#### What you are asked to do:
Transcribe the stretch of entries below from the line with "h i) = (\<Sum>j\<in>UNIV." through the line with "unfolding h_def sum_subtractf by", exactly and with both ends included; leave out all other lines.

Collected data:

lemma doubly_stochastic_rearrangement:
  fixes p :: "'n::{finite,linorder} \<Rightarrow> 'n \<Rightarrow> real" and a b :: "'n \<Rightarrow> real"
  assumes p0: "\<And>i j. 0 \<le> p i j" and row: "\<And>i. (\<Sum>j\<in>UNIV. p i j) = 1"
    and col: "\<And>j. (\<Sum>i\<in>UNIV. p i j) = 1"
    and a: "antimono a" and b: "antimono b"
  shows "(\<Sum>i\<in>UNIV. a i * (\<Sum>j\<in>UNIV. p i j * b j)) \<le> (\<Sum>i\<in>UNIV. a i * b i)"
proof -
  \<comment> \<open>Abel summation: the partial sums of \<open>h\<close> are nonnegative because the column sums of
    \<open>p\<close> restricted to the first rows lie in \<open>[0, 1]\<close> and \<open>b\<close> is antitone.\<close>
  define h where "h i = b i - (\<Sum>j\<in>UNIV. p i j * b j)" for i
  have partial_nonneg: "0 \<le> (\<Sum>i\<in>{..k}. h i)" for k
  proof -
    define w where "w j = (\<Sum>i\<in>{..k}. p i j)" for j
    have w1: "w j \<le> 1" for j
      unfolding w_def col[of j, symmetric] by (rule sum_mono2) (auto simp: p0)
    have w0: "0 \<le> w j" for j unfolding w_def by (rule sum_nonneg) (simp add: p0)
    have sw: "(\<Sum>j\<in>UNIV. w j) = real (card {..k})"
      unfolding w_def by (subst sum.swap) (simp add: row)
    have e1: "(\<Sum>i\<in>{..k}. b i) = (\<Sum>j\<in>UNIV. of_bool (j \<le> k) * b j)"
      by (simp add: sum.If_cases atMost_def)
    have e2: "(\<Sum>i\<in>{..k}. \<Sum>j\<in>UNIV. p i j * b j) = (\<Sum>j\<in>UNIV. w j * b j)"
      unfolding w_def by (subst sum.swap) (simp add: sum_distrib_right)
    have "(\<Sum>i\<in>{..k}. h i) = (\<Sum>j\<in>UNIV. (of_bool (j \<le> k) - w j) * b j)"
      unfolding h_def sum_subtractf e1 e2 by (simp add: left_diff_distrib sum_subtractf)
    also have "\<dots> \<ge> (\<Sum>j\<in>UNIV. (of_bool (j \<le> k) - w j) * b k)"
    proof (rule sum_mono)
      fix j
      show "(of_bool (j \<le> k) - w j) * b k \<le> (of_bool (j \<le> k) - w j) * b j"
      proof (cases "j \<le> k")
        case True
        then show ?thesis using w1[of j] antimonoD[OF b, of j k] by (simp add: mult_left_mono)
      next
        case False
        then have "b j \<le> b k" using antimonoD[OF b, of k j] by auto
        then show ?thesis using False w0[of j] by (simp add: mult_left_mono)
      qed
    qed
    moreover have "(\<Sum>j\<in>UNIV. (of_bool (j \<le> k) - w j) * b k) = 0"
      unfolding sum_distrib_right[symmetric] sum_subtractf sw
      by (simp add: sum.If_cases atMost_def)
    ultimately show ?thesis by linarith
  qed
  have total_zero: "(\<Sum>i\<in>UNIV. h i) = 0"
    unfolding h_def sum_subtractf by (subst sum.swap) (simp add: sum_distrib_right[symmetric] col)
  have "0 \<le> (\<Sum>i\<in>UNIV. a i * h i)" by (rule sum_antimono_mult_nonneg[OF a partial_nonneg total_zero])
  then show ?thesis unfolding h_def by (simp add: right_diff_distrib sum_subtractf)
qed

#### Problem solution:
    have "(\<Sum>i\<in>{..k}. h i) = (\<Sum>j\<in>UNIV. (of_bool (j \<le> k) - w j) * b j)"
      unfolding h_def sum_subtractf e1 e2 by (simp add: left_diff_distrib sum_subtractf)
    also have "\<dots> \<ge> (\<Sum>j\<in>UNIV. (of_bool (j \<le> k) - w j) * b k)"
    proof (rule sum_mono)
      fix j
      show "(of_bool (j \<le> k) - w j) * b k \<le> (of_bool (j \<le> k) - w j) * b j"
      proof (cases "j \<le> k")
        case True
        then show ?thesis using w1[of j] antimonoD[OF b, of j k] by (simp add: mult_left_mono)
      next
        case False
        then have "b j \<le> b k" using antimonoD[OF b, of k j] by auto
        then show ?thesis using False w0[of j] by (simp add: mult_left_mono)
      qed
    qed
    moreover have "(\<Sum>j\<in>UNIV. (of_bool (j \<le> k) - w j) * b k) = 0"
      unfolding sum_distrib_right[symmetric] sum_subtractf sw
      by (simp add: sum.If_cases atMost_def)
    ultimately show ?thesis by linarith
  qed
  have total_zero: "(\<Sum>i\<in>UNIV. h i) = 0"
    unfolding h_def sum_subtractf by (subst sum.swap) (simp add: sum_distrib_right[symmetric] col)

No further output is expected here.